lemma length_H_le_transversal_bound:
  assumes "h \<in> H"
  shows "l h \<le> transversal_bound"
proof -
  obtain a k where ak: "a \<in> A" "k \<in> L" "h = k \<otimes> a" using transversal_decomp[OF assms] .
  have "l h \<le> l k + l a" using ak l_subadditive L_carrier A_carrier by simp
  moreover have "l a \<le> transversal_bound"
    unfolding transversal_bound_def using ak(1) l_nonneg A_carrier finite_A
    by (intro member_le_sum) auto
  ultimately show ?thesis using l_zero_L[OF ak(2)] by simp
qed

lemma max_length_ge: "a \<in> A \<Longrightarrow> b \<in> A \<Longrightarrow> l (a \<otimes> x \<otimes> inv b) \<le> max_length x"
  unfolding max_length_def using finite_A by (intro Max_ge) force+

lemma max_length_attained: "\<exists>a\<in>A. \<exists>b\<in>A. max_length x = l (a \<otimes> x \<otimes> inv b)"
proof -
  have "A \<noteq> {}" using card_A_pos by auto
  then have "max_length x \<in> (\<lambda>p. l (fst p \<otimes> x \<otimes> inv (snd p))) ` (A \<times> A)"
    unfolding max_length_def using finite_A by (intro Max_in) auto
  then show ?thesis by force
qed

lemma max_length_nonneg: "x \<in> carrier G \<Longrightarrow> max_length x \<ge> 0"
  using max_length_attained[of x] l_nonneg A_carrier by fastforce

····················

### Task
Scan the records above for the word "then". Copy each line that has it.

### Written solution
  then have "max_length x \<in> (\<lambda>p. l (fst p \<otimes> x \<otimes> inv (snd p))) ` (A \<times> A)"
  then show ?thesis by force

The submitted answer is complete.